What did you think of the dummy one?


----------



## PhoebeC (Aug 17, 2022)

Well the ypsopump demo is useless. Loads of packaging, no contact off them, or booklet / instructions only a 3D model of the pump and a canula, with a freepost return letter.

 All it has done is show me the size of it which is much bigger than the omnipod and Mudtrum. I could likely keep those on for rugby, at least training if not matches but no way with the ypso. 

Also I phoned Tandem T slim about a sample and these are only with the healthcare provider. And their line was poor and she had a very strong accent so I already don't like them. I am so picky with customer service.


----------



## Pumper_Sue (Aug 18, 2022)

PhoebeC said:


> Also I phoned Tandem T slim about a sample and these are only with the healthcare provider. And their line was poor and she had a very strong accent so I already don't like them. I am so picky with customer service.

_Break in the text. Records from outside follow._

(* For every integer $k\ge0$, the following identity of rational functions in $x$ and $q$ holds: \[ \tilde\sigma_{-k-1}=(1-x^{-1})\sum_{j=-k}^{k}\frac{R_{k,j}}{x+x^{-1}-q^j-q^{-j}},\qquad R_{k,j}=-\frac{(-1)^{k+j}q^{\binom{j+1}{2}+\binom{k+1}{2}}}{(q;q)_{k-j}(q;q)_{k+j}}, \] where $\tilde\sigma_{-k-1}=\frac{(-1)^kq^{\binom{k+1}{2}}}{(x;q)_{k+1}(qx^{-1};q)_k}$ and $\binom{j+1}{2}=\frac{j(j+1)}{2}$ for all $j\in\mathbb{Z}$.
   Context: $(a;q)_n=\prod_{j=0}^{n-1}(1-aq^j)$. The quantity $R_{k,j}$ is the residue of $\tilde\sigma_{-k-1}(x)\,dx$ at $x=q^j$. *)

theory Defs
  imports Complex_Main
begin

definition qpoch :: "complex \<Rightarrow> complex \<Rightarrow> nat \<Rightarrow> complex" where
  "qpoch a q n = (\<Prod>j<n. 1 - a * q ^ j)"

definition tri :: "int \<Rightarrow> int" where
  "tri j = j * (j + 1) div 2"

definition sigma_tilde :: "nat \<Rightarrow> complex \<Rightarrow> complex \<Rightarrow> complex" where
  "sigma_tilde k x q =
     (-1) ^ k * q powi tri (int k) / (qpoch x q (k + 1) * qpoch (q / x) q k)"

definition Rkj :: "nat \<Rightarrow> int \<Rightarrow> complex \<Rightarrow> complex" where
  "Rkj k j q =
     - ((-1) powi (int k + j) * q powi (tri j + tri (int k))
        / (qpoch q q (nat (int k - j)) * qpoch q q (nat (int k + j))))"

end

theory Submission
  imports Defs
begin

(*
  Write y = x + 1/x and qsym q l = q^l + q^-l.  Pairing the factors 1 - x q^i and 1 - q^i/x
  of the denominator of sigma_tilde gives -q^i (y - qsym q i), and (1 - x)(1 - 1/x) equals
  -(y - qsym q 0); hence sigma_tilde = -(1 - 1/x) / prod_{j=0..k} (y - qsym q j).
  The nodes qsym q 0, ..., qsym q k are distinct as (q;q)_(2k) /= 0, so partial fractions in y reduce the claim
  to the coefficient identities R_{k,j} + R_{k,-j} = -1 / prod_{l /= j} (qsym q j - qsym q l)
  for 0 < j <= k and R_{k,0} = -1 / prod_{l /= 0} (qsym q 0 - qsym q l).  These products are
  q-Pochhammer symbols, since q^j (qsym q j - qsym q l) = (1 - q^(j-l)) (1 - q^(j+l)).
*)

lemma Suc_choose_two: "Suc n choose 2 = (n choose 2) + n"
  by (simp add: numeral_2_eq_2)

lemma choose_two_add_Suc_choose_two:
  "(j choose 2) + (Suc (j + d) choose 2) = j * j + d * j + (Suc d choose 2)"
proof (induction d)
  case 0
  show ?case by (induction j) (auto simp: Suc_choose_two)
next
  case (Suc d)
  then show ?case by (simp add: Suc_choose_two)
qed

lemma tri_of_nat: "tri (int n) = int (Suc n choose 2)"
  unfolding tri_def choose_two by (simp add: zdiv_int algebra_simps)

lemma tri_uminus_of_nat: "tri (- int n) = int (n choose 2)"
  unfolding tri_def choose_two by (cases n) (simp_all add: zdiv_int algebra_simps)

lemma two_factor_partial_fractions:
  fixes x b c :: "'a::field"
  assumes "x \<noteq> b" "x \<noteq> c" "b \<noteq> c"
  shows "1 / ((x - b) * (x - c)) = 1 / ((c - b) * (x - c)) + 1 / ((b - c) * (x - b))"
  using assms by (simp add: divide_simps) (simp add: algebra_simps)

lemma inverse_prod_partial_fractions:
  fixes a :: "'i \<Rightarrow> 'a::field"
  assumes "finite S" "S \<noteq> {}" "inj_on a S" "x \<notin> a ` S"
  shows "1 / (\<Prod>i\<in>S. x - a i) = (\<Sum>i\<in>S. 1 / ((x - a i) * (\<Prod>l\<in>S - {i}. a i - a l)))"
  using assms
proof (induction S arbitrary: x rule: finite_ne_induct)
  case (singleton b)
  show ?case by simp
next
  case (insert b F)
  let ?P = "\<lambda>i. \<Prod>l\<in>F - {i}. a i - a l"
  have inj: "inj_on a F" and b_notin: "a b \<notin> a ` F" and x_notin: "x \<notin> a ` F" and "x \<noteq> a b"
    using insert by auto
  have P_insert: "(\<Prod>l\<in>insert b F - {i}. a i - a l) = (a i - a b) * ?P i" if "i \<in> F" for i
  proof -
    have "insert b F - {i} = insert b (F - {i})" using that insert.hyps(3) by auto
    then show ?thesis using insert.hyps(1,3) by simp
  qed
  have split: "1 / ((x - a b) * (x - a i) * ?P i)
      = 1 / ((x - a i) * ((a i - a b) * ?P i)) + 1 / ((x - a b) * ((a b - a i) * ?P i))"
    if "i \<in> F" for i
  proof -
    have "x \<noteq> a i" "a b \<noteq> a i" using that x_notin b_notin by auto
    with \<open>x \<noteq> a b\<close> have "1 / ((x - a b) * (x - a i))
        = 1 / ((a i - a b) * (x - a i)) + 1 / ((a b - a i) * (x - a b))"
      by (intro two_factor_partial_fractions)
    then have "1 / ((x - a b) * (x - a i)) / ?P i
        = 1 / ((a i - a b) * (x - a i)) / ?P i + 1 / ((a b - a i) * (x - a b)) / ?P i"
      by (simp add: add_divide_distrib)
    then show ?thesis by (simp only: divide_divide_eq_left ac_simps)
  qed
  have "1 / (\<Prod>i\<in>insert b F. x - a i) = 1 / (x - a b) * (1 / (\<Prod>i\<in>F. x - a i))"
    using insert.hyps by simp
  also have "\<dots> = (\<Sum>i\<in>F. 1 / ((x - a b) * (x - a i) * ?P i))"
    unfolding insert.IH[OF inj x_notin] sum_distrib_left by (simp add: mult.assoc)
  also have "\<dots> = (\<Sum>i\<in>F. 1 / ((x - a i) * ((a i - a b) * ?P i)))
      + (\<Sum>i\<in>F. 1 / ((x - a b) * ((a b - a i) * ?P i)))"
    by (simp add: split sum.distrib)
  also have "\<dots> = (\<Sum>i\<in>F. 1 / ((x - a i) * (\<Prod>l\<in>insert b F - {i}. a i - a l)))
      + 1 / (x - a b) * (1 / (\<Prod>i\<in>F. a b - a i))"
    unfolding insert.IH[OF inj b_notin] sum_distrib_left by (simp add: P_insert)
  also have "\<dots> = (\<Sum>i\<in>insert b F. 1 / ((x - a i) * (\<Prod>l\<in>insert b F - {i}. a i - a l)))"
    using insert.hyps by (simp add: insert_Diff_if)
  finally show ?case .
qed

lemma qpoch_0 [simp]: "qpoch a q 0 = 1"
  by (simp add: qpoch_def)

lemma qpoch_Suc: "qpoch a q (Suc n) = qpoch a q n * (1 - a * q ^ n)"
  by (simp add: qpoch_def)

lemma qpoch_Suc_shift: "qpoch a q (Suc n) = (1 - a) * qpoch (a * q) q n"
  unfolding qpoch_def prod.lessThan_Suc_shift by (simp add: mult.assoc)

lemma qpoch_add: "qpoch a q (m + n) = qpoch a q m * qpoch (a * q ^ m) q n"
  by (induction n) (simp_all add: qpoch_Suc power_add mult.assoc)

lemma qpoch_nonzero_le:
  assumes "qpoch a q n \<noteq> 0" "m \<le> n"
  shows "qpoch a q m \<noteq> 0"
  using assms qpoch_add[of a q m "n - m"] by auto

lemma power_ne_one_if_qpoch_nonzero:
  assumes "qpoch q q n \<noteq> 0" "0 < i" "i \<le> n"
  shows "q ^ i \<noteq> 1"
proof
  assume "q ^ i = 1"
  then have "qpoch q q i = 0"
    using \<open>0 < i\<close> by (cases i) (simp_all add: qpoch_Suc)
  with assms qpoch_nonzero_le show False by blast
qed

I found their customer service fab, gawd knows what you would think of medtronic, barely speak English and the accents are so bad I end up by not continuing the call


----------



## Pumper_Sue (Aug 18, 2022)

PhoebeC said:


> Also I phoned Tandem T slim about a sample and these are only with the healthcare provider. And their line was poor and she had a very strong accent so I already don't like them. I am so picky with customer service.


As a matter of interest what sample were you expecting?
Cannulas are prescription only hence why you were told they were with health care P's.
Oh and they cost about £10 each.


----------



## Sally71 (Aug 18, 2022)

PhoebeC said:


> Also I phoned Tandem T slim about a sample and these are only with the healthcare provider. And their line was poor and she had a very strong accent so I already don't like them. I am so picky with customer service.


They sound like North East England to me, I’m sorry but if you can’t cope with regional dialects from your own country I think you might be a bit too picky


----------



## PhoebeC (Aug 19, 2022)

Sally71 said:


> They sound like North East England to me, I’m sorry but if you can’t cope with regional dialects from your own country I think you might be a bit too picky


Scouse, Manc, Yorkshire or Lanc I would be fine. It was mainly the bad line with the accent


----------



## PhoebeC (Aug 19, 2022)

Pumper_Sue said:


> As a matter of interest what sample were you expecting?
> Cannulas are prescription only hence why you were told they were with health care P's.
> Oh and they cost about £10 each.


Well the Medtrum sample is the full patch with cannula minus the insulin element, same with the Omnipod, all but the insulin tank.

Currently got the Medtrum sample on. There is a little key (like an iPhone sim key) to remove the cannula, perhaps that’s part of the sample experience.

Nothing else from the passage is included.